> **TASK BRIEF**
Write out the data below exactly, beginning with the first line and ending once the line that has "and T \<Lambda> :: real" is written.

> **SUPPLIED DATA**
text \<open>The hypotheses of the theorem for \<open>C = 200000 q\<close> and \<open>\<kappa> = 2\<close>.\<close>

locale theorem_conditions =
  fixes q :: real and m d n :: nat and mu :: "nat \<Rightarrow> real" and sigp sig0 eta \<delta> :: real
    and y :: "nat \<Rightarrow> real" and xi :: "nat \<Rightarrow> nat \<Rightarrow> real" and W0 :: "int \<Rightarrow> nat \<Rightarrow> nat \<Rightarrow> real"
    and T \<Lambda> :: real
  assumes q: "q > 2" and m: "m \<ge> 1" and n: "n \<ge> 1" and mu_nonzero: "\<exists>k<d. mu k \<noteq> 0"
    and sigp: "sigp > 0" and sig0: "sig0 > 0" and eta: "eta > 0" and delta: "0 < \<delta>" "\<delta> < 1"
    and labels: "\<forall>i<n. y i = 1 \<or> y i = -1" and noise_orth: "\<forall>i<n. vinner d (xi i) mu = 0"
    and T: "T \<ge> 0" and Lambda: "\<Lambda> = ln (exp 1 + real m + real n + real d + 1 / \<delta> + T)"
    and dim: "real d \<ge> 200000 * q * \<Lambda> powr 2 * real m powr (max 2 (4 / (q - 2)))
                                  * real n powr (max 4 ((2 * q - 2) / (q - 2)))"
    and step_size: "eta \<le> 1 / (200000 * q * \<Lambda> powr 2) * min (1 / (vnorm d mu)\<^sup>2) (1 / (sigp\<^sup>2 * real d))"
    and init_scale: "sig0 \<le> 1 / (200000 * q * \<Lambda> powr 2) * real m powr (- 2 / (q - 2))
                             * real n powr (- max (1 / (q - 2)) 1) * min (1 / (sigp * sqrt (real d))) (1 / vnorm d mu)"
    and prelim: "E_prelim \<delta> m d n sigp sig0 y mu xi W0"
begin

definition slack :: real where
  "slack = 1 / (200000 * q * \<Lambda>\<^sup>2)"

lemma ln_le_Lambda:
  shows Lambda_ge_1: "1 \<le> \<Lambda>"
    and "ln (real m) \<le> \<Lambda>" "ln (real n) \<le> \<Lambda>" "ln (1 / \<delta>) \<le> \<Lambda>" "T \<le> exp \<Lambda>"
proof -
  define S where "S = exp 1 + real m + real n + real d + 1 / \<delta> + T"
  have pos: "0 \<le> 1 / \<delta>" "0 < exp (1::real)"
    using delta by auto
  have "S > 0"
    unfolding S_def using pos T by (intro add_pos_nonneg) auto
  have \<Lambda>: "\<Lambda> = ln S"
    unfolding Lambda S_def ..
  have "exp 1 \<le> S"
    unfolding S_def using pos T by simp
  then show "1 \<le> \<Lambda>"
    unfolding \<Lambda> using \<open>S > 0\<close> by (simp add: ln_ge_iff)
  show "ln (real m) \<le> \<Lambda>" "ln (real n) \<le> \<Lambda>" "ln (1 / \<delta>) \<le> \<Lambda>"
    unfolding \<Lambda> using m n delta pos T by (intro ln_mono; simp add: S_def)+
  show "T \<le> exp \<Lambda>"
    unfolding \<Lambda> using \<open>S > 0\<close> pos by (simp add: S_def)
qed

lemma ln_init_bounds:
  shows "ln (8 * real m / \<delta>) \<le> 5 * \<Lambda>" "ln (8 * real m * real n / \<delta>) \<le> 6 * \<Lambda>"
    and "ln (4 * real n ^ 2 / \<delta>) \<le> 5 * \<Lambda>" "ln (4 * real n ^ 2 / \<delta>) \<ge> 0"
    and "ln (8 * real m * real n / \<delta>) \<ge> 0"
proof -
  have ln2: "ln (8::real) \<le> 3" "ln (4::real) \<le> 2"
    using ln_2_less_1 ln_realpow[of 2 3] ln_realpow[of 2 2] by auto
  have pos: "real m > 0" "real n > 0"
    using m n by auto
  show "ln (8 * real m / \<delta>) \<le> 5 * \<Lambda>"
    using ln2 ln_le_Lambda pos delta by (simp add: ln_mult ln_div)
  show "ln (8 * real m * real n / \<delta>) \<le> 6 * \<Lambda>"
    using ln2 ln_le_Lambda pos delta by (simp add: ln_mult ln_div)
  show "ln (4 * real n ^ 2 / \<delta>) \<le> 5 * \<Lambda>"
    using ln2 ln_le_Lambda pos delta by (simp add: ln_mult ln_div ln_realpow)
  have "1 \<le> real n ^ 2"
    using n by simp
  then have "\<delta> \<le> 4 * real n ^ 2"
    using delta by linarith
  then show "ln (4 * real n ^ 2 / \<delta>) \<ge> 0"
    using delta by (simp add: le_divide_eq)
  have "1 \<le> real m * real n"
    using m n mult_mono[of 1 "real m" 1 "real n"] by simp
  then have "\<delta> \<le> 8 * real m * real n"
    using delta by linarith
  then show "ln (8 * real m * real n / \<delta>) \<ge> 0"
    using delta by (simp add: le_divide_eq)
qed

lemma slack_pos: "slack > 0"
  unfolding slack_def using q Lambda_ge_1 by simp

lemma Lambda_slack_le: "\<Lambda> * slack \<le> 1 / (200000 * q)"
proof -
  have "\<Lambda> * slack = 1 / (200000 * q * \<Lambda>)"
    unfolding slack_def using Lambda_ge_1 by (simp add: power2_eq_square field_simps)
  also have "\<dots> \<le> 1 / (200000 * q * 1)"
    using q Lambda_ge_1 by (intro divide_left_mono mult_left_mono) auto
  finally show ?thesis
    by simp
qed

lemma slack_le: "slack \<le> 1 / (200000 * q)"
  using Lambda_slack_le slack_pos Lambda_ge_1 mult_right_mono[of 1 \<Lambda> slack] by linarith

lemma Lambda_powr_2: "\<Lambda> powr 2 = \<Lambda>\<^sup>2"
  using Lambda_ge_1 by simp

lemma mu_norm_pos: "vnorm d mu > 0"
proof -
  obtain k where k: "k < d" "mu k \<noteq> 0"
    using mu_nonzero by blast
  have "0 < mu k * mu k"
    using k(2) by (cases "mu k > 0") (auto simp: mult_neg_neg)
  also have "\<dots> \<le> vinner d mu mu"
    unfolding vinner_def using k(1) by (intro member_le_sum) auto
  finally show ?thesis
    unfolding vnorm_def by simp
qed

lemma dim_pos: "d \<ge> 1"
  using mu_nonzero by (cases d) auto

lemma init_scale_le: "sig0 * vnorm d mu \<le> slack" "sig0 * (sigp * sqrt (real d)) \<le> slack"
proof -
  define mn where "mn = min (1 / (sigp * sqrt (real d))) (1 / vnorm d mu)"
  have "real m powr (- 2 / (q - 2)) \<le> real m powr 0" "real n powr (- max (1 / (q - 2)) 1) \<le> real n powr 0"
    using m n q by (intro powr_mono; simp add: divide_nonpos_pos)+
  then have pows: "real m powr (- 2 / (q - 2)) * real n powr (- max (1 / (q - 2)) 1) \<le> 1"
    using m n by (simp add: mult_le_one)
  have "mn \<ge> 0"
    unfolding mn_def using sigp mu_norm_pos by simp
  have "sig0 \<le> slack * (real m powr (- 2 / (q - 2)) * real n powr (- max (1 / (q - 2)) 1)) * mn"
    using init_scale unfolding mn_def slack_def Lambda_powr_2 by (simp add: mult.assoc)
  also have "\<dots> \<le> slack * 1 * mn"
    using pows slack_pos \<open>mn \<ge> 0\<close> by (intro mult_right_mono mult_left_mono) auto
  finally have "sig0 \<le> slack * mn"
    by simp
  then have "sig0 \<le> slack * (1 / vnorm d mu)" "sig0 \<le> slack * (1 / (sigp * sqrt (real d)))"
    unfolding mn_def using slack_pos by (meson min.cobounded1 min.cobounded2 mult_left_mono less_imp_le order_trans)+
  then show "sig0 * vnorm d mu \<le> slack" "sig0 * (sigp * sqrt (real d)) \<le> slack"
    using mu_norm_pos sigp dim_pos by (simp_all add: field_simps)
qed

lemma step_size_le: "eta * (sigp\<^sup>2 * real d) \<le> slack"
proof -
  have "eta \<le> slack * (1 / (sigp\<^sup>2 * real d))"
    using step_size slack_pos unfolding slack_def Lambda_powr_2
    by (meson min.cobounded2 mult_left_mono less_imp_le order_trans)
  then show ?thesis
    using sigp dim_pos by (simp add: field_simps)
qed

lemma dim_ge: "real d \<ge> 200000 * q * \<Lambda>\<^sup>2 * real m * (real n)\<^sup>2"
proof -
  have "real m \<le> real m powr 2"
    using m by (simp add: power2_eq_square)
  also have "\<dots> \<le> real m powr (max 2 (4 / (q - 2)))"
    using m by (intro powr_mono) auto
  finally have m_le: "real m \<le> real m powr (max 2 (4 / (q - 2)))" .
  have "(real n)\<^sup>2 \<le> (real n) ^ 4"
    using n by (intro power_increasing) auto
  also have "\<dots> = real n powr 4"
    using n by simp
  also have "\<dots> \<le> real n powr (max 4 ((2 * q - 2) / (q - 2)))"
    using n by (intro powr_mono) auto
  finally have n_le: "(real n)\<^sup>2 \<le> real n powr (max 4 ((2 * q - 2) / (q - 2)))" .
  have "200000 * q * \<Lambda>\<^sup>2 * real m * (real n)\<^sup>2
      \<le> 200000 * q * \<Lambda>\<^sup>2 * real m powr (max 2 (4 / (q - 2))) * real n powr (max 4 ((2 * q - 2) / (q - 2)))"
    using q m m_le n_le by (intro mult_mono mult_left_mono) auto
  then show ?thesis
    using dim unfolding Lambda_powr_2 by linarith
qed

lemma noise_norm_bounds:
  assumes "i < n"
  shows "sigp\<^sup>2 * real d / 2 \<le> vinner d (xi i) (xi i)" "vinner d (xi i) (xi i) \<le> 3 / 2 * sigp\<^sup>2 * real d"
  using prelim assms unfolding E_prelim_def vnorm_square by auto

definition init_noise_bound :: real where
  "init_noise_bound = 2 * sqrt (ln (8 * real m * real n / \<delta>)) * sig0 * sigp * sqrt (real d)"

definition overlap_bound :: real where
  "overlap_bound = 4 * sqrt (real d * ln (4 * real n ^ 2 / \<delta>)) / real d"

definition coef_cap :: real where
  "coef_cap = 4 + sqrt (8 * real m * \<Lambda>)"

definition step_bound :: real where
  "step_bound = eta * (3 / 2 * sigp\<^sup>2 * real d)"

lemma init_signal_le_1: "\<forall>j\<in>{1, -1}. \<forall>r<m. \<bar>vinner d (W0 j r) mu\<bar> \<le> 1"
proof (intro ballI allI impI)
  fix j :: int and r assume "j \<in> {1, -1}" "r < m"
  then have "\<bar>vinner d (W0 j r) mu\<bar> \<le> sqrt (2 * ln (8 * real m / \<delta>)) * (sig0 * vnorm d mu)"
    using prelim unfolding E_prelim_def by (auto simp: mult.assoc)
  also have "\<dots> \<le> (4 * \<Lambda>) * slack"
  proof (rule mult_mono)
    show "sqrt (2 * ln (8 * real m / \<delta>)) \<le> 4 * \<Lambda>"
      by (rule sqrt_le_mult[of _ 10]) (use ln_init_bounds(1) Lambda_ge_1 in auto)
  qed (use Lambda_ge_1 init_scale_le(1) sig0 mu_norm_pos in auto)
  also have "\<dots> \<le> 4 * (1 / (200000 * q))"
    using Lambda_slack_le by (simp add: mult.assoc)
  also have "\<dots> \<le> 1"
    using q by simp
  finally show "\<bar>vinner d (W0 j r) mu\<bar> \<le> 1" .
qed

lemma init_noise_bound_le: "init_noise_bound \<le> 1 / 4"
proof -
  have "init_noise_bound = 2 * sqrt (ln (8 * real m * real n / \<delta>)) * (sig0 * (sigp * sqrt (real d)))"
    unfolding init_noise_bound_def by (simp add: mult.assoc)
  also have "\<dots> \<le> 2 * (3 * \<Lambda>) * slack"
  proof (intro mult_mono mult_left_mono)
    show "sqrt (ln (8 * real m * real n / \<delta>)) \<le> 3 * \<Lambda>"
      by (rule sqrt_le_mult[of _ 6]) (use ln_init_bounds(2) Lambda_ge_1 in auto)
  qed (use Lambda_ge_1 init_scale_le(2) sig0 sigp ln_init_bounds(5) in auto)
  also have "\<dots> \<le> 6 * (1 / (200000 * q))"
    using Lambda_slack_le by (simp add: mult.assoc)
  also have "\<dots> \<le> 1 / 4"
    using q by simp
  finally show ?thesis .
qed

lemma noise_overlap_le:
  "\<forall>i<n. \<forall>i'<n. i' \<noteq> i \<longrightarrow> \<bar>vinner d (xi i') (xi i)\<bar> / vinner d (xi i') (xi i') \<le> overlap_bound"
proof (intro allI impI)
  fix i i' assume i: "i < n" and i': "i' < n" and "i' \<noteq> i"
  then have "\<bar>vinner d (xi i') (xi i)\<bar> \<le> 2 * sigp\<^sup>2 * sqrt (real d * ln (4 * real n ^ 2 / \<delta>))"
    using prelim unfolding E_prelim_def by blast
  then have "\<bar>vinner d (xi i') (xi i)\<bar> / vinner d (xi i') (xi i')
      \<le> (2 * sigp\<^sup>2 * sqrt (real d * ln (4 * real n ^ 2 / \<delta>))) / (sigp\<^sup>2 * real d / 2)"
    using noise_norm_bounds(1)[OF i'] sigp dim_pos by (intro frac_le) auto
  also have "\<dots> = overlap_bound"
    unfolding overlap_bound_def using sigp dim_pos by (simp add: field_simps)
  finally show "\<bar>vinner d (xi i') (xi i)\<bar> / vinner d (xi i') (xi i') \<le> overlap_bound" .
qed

> **REPLY TO THE EXERCISE**
text \<open>The hypotheses of the theorem for \<open>C = 200000 q\<close> and \<open>\<kappa> = 2\<close>.\<close>

locale theorem_conditions =
  fixes q :: real and m d n :: nat and mu :: "nat \<Rightarrow> real" and sigp sig0 eta \<delta> :: real
    and y :: "nat \<Rightarrow> real" and xi :: "nat \<Rightarrow> nat \<Rightarrow> real" and W0 :: "int \<Rightarrow> nat \<Rightarrow> nat \<Rightarrow> real"
    and T \<Lambda> :: real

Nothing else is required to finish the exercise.